What this task involves
Would you please output, word for word, the span of the listing below that opens on the line containing "then show ?case" and closes on the line containing "be a distribution"? Include both ends and nothing more.
[Dataset content Boundary: Start]
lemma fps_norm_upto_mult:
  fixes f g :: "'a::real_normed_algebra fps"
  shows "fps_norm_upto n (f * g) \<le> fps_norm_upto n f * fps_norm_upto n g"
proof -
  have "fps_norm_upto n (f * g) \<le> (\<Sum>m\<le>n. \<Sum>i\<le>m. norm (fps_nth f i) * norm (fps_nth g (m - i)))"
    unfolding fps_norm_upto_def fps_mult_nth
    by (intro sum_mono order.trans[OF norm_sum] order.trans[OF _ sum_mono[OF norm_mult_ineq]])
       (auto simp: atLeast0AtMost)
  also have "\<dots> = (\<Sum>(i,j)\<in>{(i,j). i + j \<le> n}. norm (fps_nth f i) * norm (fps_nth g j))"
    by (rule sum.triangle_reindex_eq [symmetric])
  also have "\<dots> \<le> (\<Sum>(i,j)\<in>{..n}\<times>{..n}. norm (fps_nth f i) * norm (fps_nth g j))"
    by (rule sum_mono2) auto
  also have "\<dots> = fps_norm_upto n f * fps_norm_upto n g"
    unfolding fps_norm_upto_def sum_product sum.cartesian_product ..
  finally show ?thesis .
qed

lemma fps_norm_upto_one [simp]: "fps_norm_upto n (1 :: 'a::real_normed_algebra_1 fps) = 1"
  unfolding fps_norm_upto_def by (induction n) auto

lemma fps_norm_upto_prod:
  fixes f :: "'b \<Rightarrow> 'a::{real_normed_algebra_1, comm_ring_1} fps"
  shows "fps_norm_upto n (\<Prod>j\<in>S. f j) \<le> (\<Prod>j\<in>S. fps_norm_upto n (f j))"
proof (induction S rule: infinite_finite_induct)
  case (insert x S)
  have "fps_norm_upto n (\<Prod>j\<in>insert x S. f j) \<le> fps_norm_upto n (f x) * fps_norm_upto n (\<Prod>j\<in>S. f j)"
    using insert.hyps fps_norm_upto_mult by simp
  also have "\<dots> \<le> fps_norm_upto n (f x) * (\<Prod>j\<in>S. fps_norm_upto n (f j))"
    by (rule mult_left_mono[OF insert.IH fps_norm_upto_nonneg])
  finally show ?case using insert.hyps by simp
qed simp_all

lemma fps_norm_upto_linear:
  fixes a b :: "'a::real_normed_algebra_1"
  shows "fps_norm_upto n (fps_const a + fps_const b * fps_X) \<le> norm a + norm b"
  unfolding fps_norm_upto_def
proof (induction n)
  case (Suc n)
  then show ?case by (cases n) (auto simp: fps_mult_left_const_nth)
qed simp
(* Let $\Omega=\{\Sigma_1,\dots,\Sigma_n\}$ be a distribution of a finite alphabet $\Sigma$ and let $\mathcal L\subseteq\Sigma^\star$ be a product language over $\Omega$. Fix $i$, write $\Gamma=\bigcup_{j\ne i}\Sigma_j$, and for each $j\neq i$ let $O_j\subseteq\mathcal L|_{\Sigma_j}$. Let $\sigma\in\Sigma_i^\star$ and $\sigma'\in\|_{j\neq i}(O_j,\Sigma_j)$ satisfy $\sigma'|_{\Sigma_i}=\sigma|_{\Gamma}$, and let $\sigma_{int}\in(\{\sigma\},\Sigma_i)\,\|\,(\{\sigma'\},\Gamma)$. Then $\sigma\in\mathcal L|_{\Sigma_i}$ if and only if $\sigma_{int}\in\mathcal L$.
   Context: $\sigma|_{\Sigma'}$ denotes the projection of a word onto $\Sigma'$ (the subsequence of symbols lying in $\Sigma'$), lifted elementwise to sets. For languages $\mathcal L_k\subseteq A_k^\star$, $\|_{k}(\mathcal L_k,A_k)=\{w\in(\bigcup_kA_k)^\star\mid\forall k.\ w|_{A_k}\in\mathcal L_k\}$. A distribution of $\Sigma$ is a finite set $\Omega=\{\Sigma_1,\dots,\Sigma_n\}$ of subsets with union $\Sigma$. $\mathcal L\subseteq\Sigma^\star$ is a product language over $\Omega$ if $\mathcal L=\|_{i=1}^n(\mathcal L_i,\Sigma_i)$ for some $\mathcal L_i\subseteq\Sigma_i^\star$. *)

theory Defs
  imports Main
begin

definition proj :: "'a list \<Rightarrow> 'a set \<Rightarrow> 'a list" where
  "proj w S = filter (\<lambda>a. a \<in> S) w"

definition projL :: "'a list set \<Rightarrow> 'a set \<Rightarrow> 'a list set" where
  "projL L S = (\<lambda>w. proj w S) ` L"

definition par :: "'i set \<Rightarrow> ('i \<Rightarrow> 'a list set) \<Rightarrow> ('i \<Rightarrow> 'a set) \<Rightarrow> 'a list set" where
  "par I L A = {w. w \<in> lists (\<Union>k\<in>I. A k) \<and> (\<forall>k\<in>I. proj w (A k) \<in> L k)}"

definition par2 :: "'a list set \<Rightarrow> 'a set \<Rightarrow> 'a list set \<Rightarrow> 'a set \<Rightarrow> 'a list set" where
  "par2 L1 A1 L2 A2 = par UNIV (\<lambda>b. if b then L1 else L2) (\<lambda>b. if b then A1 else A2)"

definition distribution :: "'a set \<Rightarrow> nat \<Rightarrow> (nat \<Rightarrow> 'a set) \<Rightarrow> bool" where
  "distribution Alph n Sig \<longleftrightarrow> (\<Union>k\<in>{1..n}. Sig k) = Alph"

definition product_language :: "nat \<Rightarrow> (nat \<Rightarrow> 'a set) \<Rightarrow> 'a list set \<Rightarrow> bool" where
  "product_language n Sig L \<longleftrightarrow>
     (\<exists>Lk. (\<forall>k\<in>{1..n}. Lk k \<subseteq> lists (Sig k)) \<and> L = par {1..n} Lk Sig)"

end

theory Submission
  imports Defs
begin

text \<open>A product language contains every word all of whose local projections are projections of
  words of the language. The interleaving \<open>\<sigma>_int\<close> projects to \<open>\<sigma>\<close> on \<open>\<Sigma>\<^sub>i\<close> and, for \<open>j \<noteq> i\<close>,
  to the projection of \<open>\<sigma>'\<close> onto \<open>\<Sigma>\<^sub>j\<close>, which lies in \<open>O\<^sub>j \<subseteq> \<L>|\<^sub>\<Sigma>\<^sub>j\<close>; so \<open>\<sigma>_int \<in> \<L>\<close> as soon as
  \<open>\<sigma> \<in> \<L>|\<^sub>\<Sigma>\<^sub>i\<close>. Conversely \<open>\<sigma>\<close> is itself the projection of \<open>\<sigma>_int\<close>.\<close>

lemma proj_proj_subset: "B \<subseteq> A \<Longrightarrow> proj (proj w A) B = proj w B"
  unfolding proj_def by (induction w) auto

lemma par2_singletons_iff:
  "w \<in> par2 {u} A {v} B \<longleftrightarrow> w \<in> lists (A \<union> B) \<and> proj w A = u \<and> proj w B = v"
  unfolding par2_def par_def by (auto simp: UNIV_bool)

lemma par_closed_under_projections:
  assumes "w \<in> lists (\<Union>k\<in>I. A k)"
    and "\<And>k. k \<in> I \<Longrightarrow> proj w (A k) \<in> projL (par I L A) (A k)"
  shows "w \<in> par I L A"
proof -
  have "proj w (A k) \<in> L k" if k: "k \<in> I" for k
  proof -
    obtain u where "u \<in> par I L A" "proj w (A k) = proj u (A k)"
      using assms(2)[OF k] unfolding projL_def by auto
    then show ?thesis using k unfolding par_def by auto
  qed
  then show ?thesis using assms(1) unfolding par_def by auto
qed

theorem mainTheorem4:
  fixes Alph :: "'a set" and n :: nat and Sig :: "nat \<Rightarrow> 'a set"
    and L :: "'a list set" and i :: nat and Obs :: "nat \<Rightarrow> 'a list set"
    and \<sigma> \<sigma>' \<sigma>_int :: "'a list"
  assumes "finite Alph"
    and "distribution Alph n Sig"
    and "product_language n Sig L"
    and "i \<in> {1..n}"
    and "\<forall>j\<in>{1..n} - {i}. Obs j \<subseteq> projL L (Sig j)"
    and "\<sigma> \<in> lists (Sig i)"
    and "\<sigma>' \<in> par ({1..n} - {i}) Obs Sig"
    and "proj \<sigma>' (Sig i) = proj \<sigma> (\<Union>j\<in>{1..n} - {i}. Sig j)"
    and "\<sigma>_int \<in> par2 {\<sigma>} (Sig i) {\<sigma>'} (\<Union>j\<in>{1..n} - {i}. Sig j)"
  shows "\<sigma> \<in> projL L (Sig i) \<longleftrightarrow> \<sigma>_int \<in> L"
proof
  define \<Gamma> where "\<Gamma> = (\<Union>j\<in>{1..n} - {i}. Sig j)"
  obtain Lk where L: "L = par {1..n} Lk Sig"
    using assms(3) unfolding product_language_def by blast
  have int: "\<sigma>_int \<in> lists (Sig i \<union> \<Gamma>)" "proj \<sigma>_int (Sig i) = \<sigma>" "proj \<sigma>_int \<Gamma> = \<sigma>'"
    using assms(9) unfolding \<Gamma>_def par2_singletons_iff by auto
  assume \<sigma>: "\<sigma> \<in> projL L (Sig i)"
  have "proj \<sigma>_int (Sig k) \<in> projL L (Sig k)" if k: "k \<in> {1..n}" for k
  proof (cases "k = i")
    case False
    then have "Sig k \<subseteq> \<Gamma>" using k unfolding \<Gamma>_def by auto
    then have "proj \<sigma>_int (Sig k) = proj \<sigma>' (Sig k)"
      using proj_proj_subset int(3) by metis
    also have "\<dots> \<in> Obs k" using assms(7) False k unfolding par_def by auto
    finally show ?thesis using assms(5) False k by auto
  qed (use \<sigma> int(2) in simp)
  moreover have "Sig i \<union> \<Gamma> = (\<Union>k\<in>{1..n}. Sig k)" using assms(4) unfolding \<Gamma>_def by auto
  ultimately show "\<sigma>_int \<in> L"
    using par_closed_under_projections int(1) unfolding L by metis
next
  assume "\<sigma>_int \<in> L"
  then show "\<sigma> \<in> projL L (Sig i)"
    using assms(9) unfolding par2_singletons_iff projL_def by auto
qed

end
[Dataset content Boundary: End]
Written answer
  then show ?case by (cases n) (auto simp: fps_mult_left_const_nth)
qed simp
(* Let $\Omega=\{\Sigma_1,\dots,\Sigma_n\}$ be a distribution of a finite alphabet $\Sigma$ and let $\mathcal L\subseteq\Sigma^\star$ be a product language over $\Omega$. Fix $i$, write $\Gamma=\bigcup_{j\ne i}\Sigma_j$, and for each $j\neq i$ let $O_j\subseteq\mathcal L|_{\Sigma_j}$. Let $\sigma\in\Sigma_i^\star$ and $\sigma'\in\|_{j\neq i}(O_j,\Sigma_j)$ satisfy $\sigma'|_{\Sigma_i}=\sigma|_{\Gamma}$, and let $\sigma_{int}\in(\{\sigma\},\Sigma_i)\,\|\,(\{\sigma'\},\Gamma)$. Then $\sigma\in\mathcal L|_{\Sigma_i}$ if and only if $\sigma_{int}\in\mathcal L$.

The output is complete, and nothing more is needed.